Unsure of where they were, the old mice tended to sprint the rest of the track without bothering to stop and search for rewards. A few took a different tactic and tried licking everywhere.

Their grid cells reflected their confusion. Despite having developed distinct firing patterns for each track, their grid cells fired erratically when the tracks were alternated.

"Their spatial recall and their rapid discrimination of these two environments was really impaired," said Charlotte Herber, PhD, an MD-PhD student and lead author of the study.

The findings seem to align with human behavior. "Older people often can navigate familiar spaces, like their home or the neighborhood they've always lived in, but it's really hard for them to learn to navigate a new place, even with experience," Giocomo said.

In contrast, both young and middle-aged mice understood the assignment by day six, and their grid cell activity swiftly matched whichever track they were on.

"Over days one through six, they have progressively more stable spatial firing patterns that are specific to context A and specific to context B," Herber said. "The aged mice fail to the develop these discrete spatial maps."
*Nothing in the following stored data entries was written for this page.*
lemma peval_x: "peval c P h * x = x * peval c (pcompose P f) h"
proof -
  have h_pow_x: "h ^ j * x = x * peval c f h ^ j" for j
  proof (induction j)
    case (Suc j)
    have "h ^ Suc j * x = h * (h ^ j * x)" by (simp add: mult.assoc)
    also have "\<dots> = x * peval c f h ^ Suc j" by (simp add: Suc h_x flip: mult.assoc)
    finally show ?case .
  qed simp
  have "c a * h ^ j * x = x * (c a * peval c f h ^ j)" for a j
    by (metis scalar_left_commute h_pow_x mult.assoc)
  then have "peval c P h * x = x * peval c P (peval c f h)"
    by (simp add: peval_def sum_distrib_left sum_distrib_right)
  then show ?thesis by (simp add: peval_pcompose)
qed

lemma y_peval: "y * peval c P h = peval c (pcompose P f) h * y"
proof -
  have y_h_pow: "y * h ^ j = peval c f h ^ j * y" for j
  proof (induction j)
    case (Suc j)
    have "y * h ^ Suc j = (y * h) * h ^ j" by (simp add: mult.assoc)
    also have "\<dots> = peval c f h * (y * h ^ j)" by (simp add: y_h mult.assoc)
    also have "\<dots> = peval c f h ^ Suc j * y" by (simp add: Suc mult.assoc)
    finally show ?case .
  qed simp
  have "y * (c a * h ^ j) = c a * peval c f h ^ j * y" for a j
    by (metis scalar_left_commute y_h_pow mult.assoc)
  then have "y * peval c P h = peval c P (peval c f h) * y"
    by (simp add: peval_def sum_distrib_left sum_distrib_right)
  then show ?thesis by (simp add: peval_pcompose)
qed

lemma peval_x_pow: "peval c P h * (x ^ l * w) = x ^ l * (peval c (pcompose_pow P f l) h * w)"
proof (induction l arbitrary: P)
  case (Suc l)
  have "peval c P h * (x ^ Suc l * w) = (peval c P h * x) * (x ^ l * w)"
    by (simp add: mult.assoc)
  also have "\<dots> = x * (peval c (pcompose P f) h * (x ^ l * w))"
    by (simp add: peval_x mult.assoc)
  also have "\<dots> = x ^ Suc l * (peval c (pcompose_pow P f (Suc l)) h * w)"
    by (simp add: Suc.IH pcompose_pow_Suc_right mult.assoc)
  finally show ?case .
qed simp

lemma y_pow_peval: "y ^ k * (peval c P h * w) = peval c (pcompose_pow P f k) h * (y ^ k * w)"
proof (induction k arbitrary: P w)
  case (Suc k)
  have "y ^ Suc k * (peval c P h * w) = y ^ k * ((y * peval c P h) * w)"
    by (simp only: power_Suc2 mult.assoc)
  also have "\<dots> = y ^ k * (peval c (pcompose P f) h * (y * w))"
    by (simp add: y_peval mult.assoc)
  also have "\<dots> = peval c (pcompose_pow P f (Suc k)) h * (y ^ Suc k * w)"
    by (simp only: Suc.IH pcompose_pow_Suc_right power_Suc2 mult.assoc)
  finally show ?case .
qed simp

lemma normal_order:
  "x ^ i * peval c P h * x ^ a * peval c S h * y ^ b * peval c Q h * y ^ m
   = xhy (i + a) (pcompose_pow P f a * S * pcompose_pow Q f b) (b + m)"
  by (simp add: xhy_def mult.assoc peval_x_pow y_pow_peval peval_mult power_add)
The middle-aged mice had somewhat weaker patterns in their brain activity, but they performed very similarly to the young mice. "We think this is a cognitive capacity that at least until about 13 months old in a mouse, or maybe 50 to 60 years old in a human counterpart, is probably intact," Herber said.

Super-ager

Though young and middle-aged mice performed uniformly within their age groups, the oldest set showed more variability in spatial memory.
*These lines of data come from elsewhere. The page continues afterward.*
lemma herm_block_rank_one_block_herm_block:
  "herm_block a b c * rank_one_block x y * herm_block a b c
     = rank_one_block (of_real a * x + b * y) (cnj b * x + of_real c * y)"
  by (simp add: rank_one_block_eq_block_03 herm_block_def block_03_mult block_03_eq_iff algebra_simps)

lemma fidelity_herm_block_rank_one_block:
  assumes "block_psd p q r"
  shows "fidelity (herm_block p q r) (rank_one_block w0 w3) = sqrt (block_form p q r w0 w3)"
proof -
  obtain a b c where psd_root: "block_psd a b c" and root: "herm_block a b c * herm_block a b c = herm_block p q r"
    using block_psd_sqrt_exists[OF assms] .
  then have pqr: "p = a\<^sup>2 + (cmod b)\<^sup>2" "q = b * of_real (a + c)" "r = c\<^sup>2 + (cmod b)\<^sup>2"
    unfolding herm_block_square herm_block_eq_iff by simp_all
  \<comment> \<open>with S = sqrt H and u = S w, S |w><w| S = |u><u|, whose root has trace |u| = sqrt <w, H w>\<close>
  define u0 where "u0 = of_real a * w0 + b * w3"
  define u3 where "u3 = cnj b * w0 + of_real c * w3"
  have "fidelity (herm_block p q r) (rank_one_block w0 w3) = sqrt ((cmod u0)\<^sup>2 + (cmod u3)\<^sup>2)"
    unfolding fidelity_def root[symmetric] msqrt_herm_block_square[OF psd_root]
      herm_block_rank_one_block_herm_block u0_def u3_def trace_msqrt_rank_one_block ..
  also have "(cmod u0)\<^sup>2 + (cmod u3)\<^sup>2 = block_form p q r w0 w3"
  proof -
    have "complex_of_real ((cmod u0)\<^sup>2 + (cmod u3)\<^sup>2) = u0 * cnj u0 + u3 * cnj u3"
      by (simp add: mult_cnj_eq_norm_sq)
    also have "\<dots> = of_real p * (w0 * cnj w0) + of_real r * (w3 * cnj w3)
        + (q * w3 * cnj w0 + cnj (q * w3 * cnj w0))"
    proof -
      have "complex_of_real p = of_real a * of_real a + b * cnj b"
        and "complex_of_real r = of_real c * of_real c + b * cnj b"
        unfolding pqr by (simp_all add: mult_cnj_eq_norm_sq power2_eq_square)
      then show ?thesis
        unfolding pqr(2) u0_def u3_def by (simp add: algebra_simps)
    qed
    also have "\<dots> = complex_of_real (block_form p q r w0 w3)"
      unfolding block_form_def complex_add_cnj by (simp add: mult_cnj_eq_norm_sq)
    finally show ?thesis
      by (simp only: of_real_eq_iff)
  qed
  finally show ?thesis .
qed

lemma fidelity_mixture_rank_one_block:
  assumes "0 \<le> s" "0 \<le> t"
  shows "fidelity (of_real s \<cdot>\<^sub>m rank_one_block g0 g3 + of_real t \<cdot>\<^sub>m rank_one_block h0 h3) (rank_one_block w0 w3)
    = sqrt (s * (cmod (g0 * cnj w0 + g3 * cnj w3))\<^sup>2 + t * (cmod (h0 * cnj w0 + h3 * cnj w3))\<^sup>2)"
  unfolding rank_one_block_def[of g0 g3] rank_one_block_def[of h0 h3] herm_block_combination
  using fidelity_herm_block_rank_one_block[OF block_psd_combination[OF assms block_psd_rank_one block_psd_rank_one]]
  by (simp add: block_form_combination block_form_rank_one)

definition ghz_like :: "real \<Rightarrow> real \<Rightarrow> complex vec" where
  "ghz_like \<alpha> \<beta> = vec 8 (\<lambda>i. if i = 0 then of_real \<alpha> else if i = 7 then of_real \<beta> else 0)"

lemma psi_GHZ_eq_ghz_like: "psi_GHZ = ghz_like (1 / sqrt 2) (1 / sqrt 2)"
  unfolding psi_GHZ_def ghz_like_def by (intro arg_cong[where f = "vec 8"]) auto

lemma psi_GGHZ_eq_ghz_like: "psi_GGHZ \<theta> = ghz_like (cos \<theta>) (sin \<theta>)"
  unfolding psi_GGHZ_def ghz_like_def ..

definition pauli_eigvec :: "nat \<Rightarrow> nat \<Rightarrow> complex vec" where
  "pauli_eigvec a x = (if x = 2 then vec_of_list [of_bool (a = 0), of_bool (a = 1)]
     else vec_of_list [1 / of_real (sqrt 2), (-1) ^ a * (if x = 0 then 1 else \<i>) / of_real (sqrt 2)])"

lemma dim_pauli_eigvec [simp]: "dim_vec (pauli_eigvec a x) = 2"
  by (simp add: pauli_eigvec_def)

lemma meas_proj_eq_proj_ket:
  assumes "a < 2" "x < 3"
  shows "meas_proj a x = proj_ket (pauli_eigvec a x)"
proof (rule eq_matI)
  fix i j
  assume "i < dim_row (proj_ket (pauli_eigvec a x))" "j < dim_col (proj_ket (pauli_eigvec a x))"
  then have "i = 0 \<or> i = 1" "j = 0 \<or> j = 1"
    by (auto simp: proj_ket_def)
  moreover have "1 / (complex_of_real (sqrt 2) * complex_of_real (sqrt 2)) = 1 / 2"
    by (simp flip: of_real_mult)
  moreover have "a = 0 \<or> a = 1" "x = 0 \<or> x = 1 \<or> x = 2"
    using assms by auto
  ultimately show "meas_proj a x $$ (i,j) = proj_ket (pauli_eigvec a x) $$ (i,j)"
    by (elim disjE) (simp_all add: meas_proj_def pauli_def pauli_x_def pauli_y_def pauli_z_def
        proj_ket_def pauli_eigvec_def)
qed (simp_all add: meas_proj_def pauli_def pauli_x_def pauli_y_def pauli_z_def proj_ket_def pauli_eigvec_def)

lemma ptrace_first_measured_ghz_like:
  assumes "dim_vec e = 2"
  shows "ptrace_first 2 4 (kron (kron (proj_ket e) (1\<^sub>m 2)) (1\<^sub>m 2) * proj_ket (ghz_like \<alpha> \<beta>))
     = rank_one_block (of_real \<alpha> * cnj (e$0)) (of_real \<beta> * cnj (e$1))"
proof (rule eq_matI)
  fix i j
  assume "i < dim_row (rank_one_block (of_real \<alpha> * cnj (e$0)) (of_real \<beta> * cnj (e$1)))"
    "j < dim_col (rank_one_block (of_real \<alpha> * cnj (e$0)) (of_real \<beta> * cnj (e$1)))"
  then have "i < 4" "j < 4"
    by (simp_all add: rank_one_block_def herm_block_def)
  then show "ptrace_first 2 4 (kron (kron (proj_ket e) (1\<^sub>m 2)) (1\<^sub>m 2) * proj_ket (ghz_like \<alpha> \<beta>)) $$ (i,j)
      = rank_one_block (of_real \<alpha> * cnj (e$0)) (of_real \<beta> * cnj (e$1)) $$ (i,j)"
    using assms unfolding less_4_cases rank_one_block_eq_block_03
    by (elim disjE) (simp_all add: ptrace_first_def kron_def proj_ket_def ghz_like_def block_03_def
        scalar_prod_def sum_atLeast0_lessThan_8 sum_lessThan_2 mult.commute)
qed (simp_all add: ptrace_first_def rank_one_block_def herm_block_def)

lemma assemblage_of_ghz_like:
  assumes "a < 2" "x < 3"
  shows "assemblage_of (ghz_like \<alpha> \<beta>) a x
     = rank_one_block (of_real \<alpha> * cnj (pauli_eigvec a x $ 0)) (of_real \<beta> * cnj (pauli_eigvec a x $ 1))"
  unfolding assemblage_of_def meas_proj_eq_proj_ket[OF assms]
  by (rule ptrace_first_measured_ghz_like) simp

lemma norm_pauli_eigvec_sq:
  assumes "a < 2" "x < 3"
  shows "(cmod (pauli_eigvec a x $ 0))\<^sup>2 = (if x = 2 then of_bool (a = 0) else 1 / 2)"
    and "(cmod (pauli_eigvec a x $ 1))\<^sup>2 = (if x = 2 then of_bool (a = 1) else 1 / 2)"
  using assms by (auto simp: pauli_eigvec_def norm_divide power_divide norm_mult less_2_cases_iff)

definition mixed_assemblage :: "real \<Rightarrow> real \<Rightarrow> real \<Rightarrow> nat \<Rightarrow> nat \<Rightarrow> complex mat" where
  "mixed_assemblage Ps Pf \<theta> a x
     = of_real Ps \<cdot>\<^sub>m assemblage_of psi_GHZ a x + of_real Pf \<cdot>\<^sub>m assemblage_of (psi_GGHZ \<theta>) a x"

lemma fidelity_mixed_assemblage:
  assumes "a < 2" "x < 3" "0 \<le> Ps" "0 \<le> Pf"
  defines "w0 \<equiv> (cmod (pauli_eigvec a x $ 0))\<^sup>2" and "w1 \<equiv> (cmod (pauli_eigvec a x $ 1))\<^sup>2"
  shows "fidelity (mixed_assemblage Ps Pf \<theta> a x) (assemblage_of psi_GHZ a x)
     = sqrt (Ps / 4 + Pf / 2 * (cos \<theta> * w0 + sin \<theta> * w1)\<^sup>2)"
proof -
  let ?e0 = "pauli_eigvec a x $ 0" and ?e1 = "pauli_eigvec a x $ 1" and ?k = "1 / sqrt 2"
  have unit: "w0 + w1 = 1"
    using norm_pauli_eigvec_sq[OF assms(1,2)] assms(1) by (auto simp: w0_def w1_def)
  have k_sq: "?k * ?k = 1 / 2"
    by simp
  have sqrt_2_sq: "complex_of_real (sqrt 2) * complex_of_real (sqrt 2) = 2"
    by (simp flip: of_real_mult)
  have overlap_GHZ: "of_real ?k * cnj ?e0 * cnj (of_real ?k * cnj ?e0) + of_real ?k * cnj ?e1 * cnj (of_real ?k * cnj ?e1)
      = complex_of_real (1 / 2)"
  proof -
    have "of_real ?k * cnj ?e0 * cnj (of_real ?k * cnj ?e0) + of_real ?k * cnj ?e1 * cnj (of_real ?k * cnj ?e1)
        = complex_of_real (?k * ?k * (w0 + w1))"
      by (simp add: w0_def w1_def mult_cnj_eq_norm_sq sqrt_2_sq algebra_simps)
    then show ?thesis
      by (simp only: unit k_sq mult_1_right)
  qed
  have overlap_GGHZ: "of_real (cos \<theta>) * cnj ?e0 * cnj (of_real ?k * cnj ?e0)
      + of_real (sin \<theta>) * cnj ?e1 * cnj (of_real ?k * cnj ?e1)
      = complex_of_real (?k * (cos \<theta> * w0 + sin \<theta> * w1))"
    by (simp add: w0_def w1_def mult_cnj_eq_norm_sq algebra_simps)
  show ?thesis
    unfolding mixed_assemblage_def psi_GHZ_eq_ghz_like psi_GGHZ_eq_ghz_like assemblage_of_ghz_like[OF assms(1,2)]
      fidelity_mixture_rank_one_block[OF assms(3,4)] overlap_GHZ overlap_GGHZ norm_of_real power2_abs
    by (simp add: power_mult_distrib power_divide)
qed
Male mice generally performed better than female mice, though the researchers do not yet know why.

One elderly male mouse stood out: It aced the test, remembering the hidden reward locations on alternating tracks just as well as, if not better than, the young and middle-aged mice.

"It was the very last mouse I recorded and, honestly, when I was watching it run the experiment, I thought, 'Oh no, this mouse is going to screw up the statistics,'" Herber said.
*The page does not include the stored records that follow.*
(* Let $a\ge1$. There is a constant $c$ depending only on $d$ and $a$ such that for all $t>0$ and $x,z\in\mathbb{R}^d$ with $|z|\le [a\,h_0^{-1}(3/t)]\vee\frac{|x|}{2}$, $$\rho_t(x+z)\le c\,\rho_t(x).$$
   Context: $\nu_0\colon[0,\infty)\to[0,\infty]$ is non-increasing with $\int_{\mathbb{R}^d}(1\wedge|x|^2)\nu_0(|x|)dx<\infty$ and $\int_{\mathbb{R}^d}\nu_0(|x|)dx=\infty$. For $r>0$: $h_0(r)=\int_{\mathbb{R}^d}(1\wedge|x|^2/r^2)\nu_0(|x|)dx$, $K_0(r)=r^{-2}\int_{|x|<r}|x|^2\nu_0(|x|)dx$; $h_0$ is continuous and strictly decreasing from $\infty$ to $0$, with inverse $h_0^{-1}$. For $t>0$, $x\in\mathbb{R}^d$: $\rho_t(x)=[h_0^{-1}(1/t)]^{-d}\wedge\frac{tK_0(|x|)}{|x|^d}$ (equal to $[h_0^{-1}(1/t)]^{-d}$ at $x=0$). *)

theory Defs
  imports "HOL-Analysis.Analysis"
begin

text \<open>The radial profile nu0 : [0,oo) -> [0,oo] is modelled as a function real => ennreal;
  only its values on [0,oo) matter. Space R^d is a euclidean_space type 'a, d = DIM('a).\<close>

definition levy_profile :: "('a::euclidean_space itself) \<Rightarrow> (real \<Rightarrow> ennreal) \<Rightarrow> bool" where
  "levy_profile _ \<nu> \<longleftrightarrow>
     (\<forall>s u. 0 \<le> s \<longrightarrow> s \<le> u \<longrightarrow> \<nu> u \<le> \<nu> s) \<and>
     (\<integral>\<^sup>+ x. ennreal (min 1 ((norm (x::'a))\<^sup>2)) * \<nu> (norm x) \<partial>lborel) < \<infinity> \<and>
     (\<integral>\<^sup>+ x. \<nu> (norm (x::'a)) \<partial>lborel) = \<infinity>"

definition h0 :: "('a::euclidean_space itself) \<Rightarrow> (real \<Rightarrow> ennreal) \<Rightarrow> real \<Rightarrow> real" where
  "h0 _ \<nu> r = enn2real (\<integral>\<^sup>+ x. ennreal (min 1 ((norm (x::'a))\<^sup>2 / r\<^sup>2)) * \<nu> (norm x) \<partial>lborel)"

definition K0 :: "('a::euclidean_space itself) \<Rightarrow> (real \<Rightarrow> ennreal) \<Rightarrow> real \<Rightarrow> real" where
  "K0 _ \<nu> r = enn2real (\<integral>\<^sup>+ x. indicator {x. norm x < r} x * ennreal ((norm (x::'a))\<^sup>2) * \<nu> (norm x) \<partial>lborel) / r\<^sup>2"

text \<open>Inverse of the (continuous, strictly decreasing, onto (0,oo)) function h0 on (0,oo).\<close>
definition h0_inv :: "('a::euclidean_space itself) \<Rightarrow> (real \<Rightarrow> ennreal) \<Rightarrow> real \<Rightarrow> real" where
  "h0_inv T \<nu> s = (THE r. 0 < r \<and> h0 T \<nu> r = s)"

definition rho :: "(real \<Rightarrow> ennreal) \<Rightarrow> real \<Rightarrow> 'a::euclidean_space \<Rightarrow> real" where
  "rho \<nu> t x =
     (if x = 0 then (1 / h0_inv TYPE('a) \<nu> (1/t)) ^ DIM('a)
      else min ((1 / h0_inv TYPE('a) \<nu> (1/t)) ^ DIM('a))
               (t * K0 TYPE('a) \<nu> (norm x) / (norm x) ^ DIM('a)))"

end

theory Submission
  imports Defs
begin

text \<open>
  The heart of the matter is the truncated second moment \<open>M(r) = r\<^sup>2 K\<^sub>0(r)\<close>. Since \<open>\<nu>\<^sub>0\<close> is
  non-increasing, scaling gives \<open>M(\<mu> r) \<le> \<mu>\<^sup>d\<^sup>+\<^sup>2 M(r)\<close> for \<open>\<mu> \<ge> 1\<close>, so \<open>K\<^sub>0(r)/r\<^sup>d\<close> is almost
  decreasing, and the annulus \<open>r/2 \<le> |x| < r\<close> gives \<open>\<nu>\<^sub>0(r) \<lesssim> K\<^sub>0(r)/r\<^sup>d\<close>.
  If \<open>|z| \<le> |x|/2\<close> then \<open>|x+z| \<ge> |x|/2\<close> and almost monotonicity bounds \<open>\<rho>\<^sub>t(x+z)\<close> directly.
  Otherwise \<open>|x| \<le> 2a R\<close> with \<open>R = h\<^sub>0\<^sup>-\<^sup>1(3/t) \<le> r = h\<^sub>0\<^sup>-\<^sup>1(1/t)\<close>, and it suffices to show that
  \<open>\<rho>\<^sub>t(x)\<close> is comparable to its maximal value \<open>r\<^sup>-\<^sup>d\<close>. Splitting the integral defining
  \<open>h\<^sub>0(R)\<close> at \<open>R\<close> and \<open>r\<close> gives \<open>3/t = h\<^sub>0(R) \<le> K\<^sub>0(R) + \<omega>\<^sub>d r\<^sup>d sup\<^bsub>[R,r)\<^esub> \<nu>\<^sub>0 + h\<^sub>0(r)\<close>,
  and the first two terms on the right are each \<open>\<lesssim> r\<^sup>d K\<^sub>0(|x|)/|x|\<^sup>d\<close>, whence \<open>r\<^sup>-\<^sup>d \<lesssim> t K\<^sub>0(|x|)/|x|\<^sup>d\<close>.
  This uses \<open>h\<^sub>0(h0_inv v) = v\<close>, which needs \<open>h\<^sub>0\<close> to be a continuous strictly decreasing
  bijection of \<open>(0,\<infinity>)\<close>: strictness comes from \<open>K\<^sub>0 > 0\<close>, i.e. from \<open>\<integral>\<nu>\<^sub>0 = \<infinity>\<close>.
\<close>

lemma levy_profile_antimono:
  "levy_profile TYPE('a::euclidean_space) \<nu> \<Longrightarrow> antimono_on {0..} \<nu>"
  unfolding levy_profile_def monotone_on_def by auto

lemma borel_measurable_radial:
  fixes \<nu> :: "real \<Rightarrow> ennreal"
  assumes "antimono_on {0..} \<nu>"
  shows "(\<lambda>x::'a::euclidean_space. \<nu> (norm x)) \<in> borel_measurable borel"
proof (rule borel_measurableI_greater)
  fix c :: ennreal
  let ?S = "{u::real. 0 \<le> u \<and> c < \<nu> u}"
  have "is_interval ?S"
    unfolding is_interval_1
  proof (intro ballI allI impI, elim conjE)
    fix u v w assume "u \<in> ?S" "v \<in> ?S" "u \<le> w" "w \<le> v"
    then show "w \<in> ?S" using assms unfolding monotone_on_def
      by (metis (mono_tags, lifting) atLeast_iff dual_order.trans mem_Collect_eq order_less_le_trans)
  qed
  then have "norm -` ?S \<in> sets (borel :: 'a measure)"
    using real_interval_borel_measurable borel_measurable_norm measurable_sets_borel by blast
  moreover have "{x::'a \<in> space borel. c < \<nu> (norm x)} = norm -` ?S" by auto
  ultimately show "{x::'a \<in> space borel. c < \<nu> (norm x)} \<in> sets borel" by simp
qed

lemma borel_measurable_times_radial:
  fixes \<nu> :: "real \<Rightarrow> ennreal"
  assumes "antimono_on {0..} \<nu>" "g \<in> borel_measurable borel"
  shows "(\<lambda>x::'a::euclidean_space. g x * \<nu> (norm x)) \<in> borel_measurable borel"
  by (rule borel_measurable_times_ennreal[OF assms(2) borel_measurable_radial[OF assms(1)]])

lemma nn_integral_lborel_scaleR:
  fixes f :: "'a::euclidean_space \<Rightarrow> ennreal"
  assumes [measurable]: "f \<in> borel_measurable borel" and "c \<noteq> 0"
  shows "(\<integral>\<^sup>+x. f x \<partial>lborel) = ennreal (\<bar>c\<bar> ^ DIM('a)) * (\<integral>\<^sup>+x. f (c *\<^sub>R x) \<partial>lborel)"
  by (subst lborel_affine[OF \<open>c \<noteq> 0\<close>, of 0])
     (simp add: nn_integral_density nn_integral_distr nn_integral_cmult)

lemma levy_profile_nn_integral_finite:
  assumes "levy_profile TYPE('a::euclidean_space) \<nu>" "g \<in> borel_measurable borel"
    and "\<And>x. g x \<le> C * min 1 ((norm x)\<^sup>2)"
  shows "(\<integral>\<^sup>+ x. ennreal (g (x::'a)) * \<nu> (norm x) \<partial>lborel) < \<infinity>"
proof -
  note [measurable] = assms(2) borel_measurable_radial[OF levy_profile_antimono[OF assms(1)]]
  have "(\<integral>\<^sup>+ x. ennreal (g (x::'a)) * \<nu> (norm x) \<partial>lborel)
      \<le> (\<integral>\<^sup>+ x. ennreal (max 0 C) * (ennreal (min 1 ((norm (x::'a))\<^sup>2)) * \<nu> (norm x)) \<partial>lborel)"
  proof (intro nn_integral_mono)
    fix x :: 'a
    have "g x \<le> max 0 C * min 1 ((norm x)\<^sup>2)"
      using assms(3)[of x] by (smt (verit) mult_right_mono zero_le_power2 min_def)
    then have "ennreal (g x) \<le> ennreal (max 0 C) * ennreal (min 1 ((norm x)\<^sup>2))"
      by (simp add: ennreal_mult'[symmetric] ennreal_leI)
    then show "ennreal (g x) * \<nu> (norm x) \<le> ennreal (max 0 C) * (ennreal (min 1 ((norm x)\<^sup>2)) * \<nu> (norm x))"
      by (metis mult.assoc mult_right_mono zero_le)
  qed
  also have "\<dots> = ennreal (max 0 C) * (\<integral>\<^sup>+ x. ennreal (min 1 ((norm (x::'a))\<^sup>2)) * \<nu> (norm x) \<partial>lborel)"
    by (intro nn_integral_cmult) measurable
  also have "\<dots> < \<infinity>"
    using assms(1) unfolding levy_profile_def by (simp add: ennreal_mult_less_top)
  finally show ?thesis .
qed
Instead, the super-ager mouse turned out to confirm the link between grid cell activity and spatial memory. Its grid cells were as unusually sprightly as its behavior, firing clearly and accurately in each environment.

"The variability in the aged group allowed us to establish these correlative relationships between neural function and behavior," Herber said.

The super-ager mouse also encouraged the researchers to look for genetic differences that might underly variability in aging. They sequenced the RNA of young and old mice and found 61 genes that were more expressed in mice with unstable grid cell activity. These genes could be involved in either driving or compensating for spatial memory decline, the researchers said.

The gene Haplin4, for example, contributes to the network of proteins that surround neurons, known as the perineuronal net, which could help shore up grid cell stability and protect spatial memory in aging mice.

"Just like mice, people also exhibit a variable extent of aging," Herber said. "Understanding some of that variability - why some people are more resilient to aging and others are more vulnerable - is part of the goal of this work."

Researchers at the University of California, San Francisco, contributed to the study.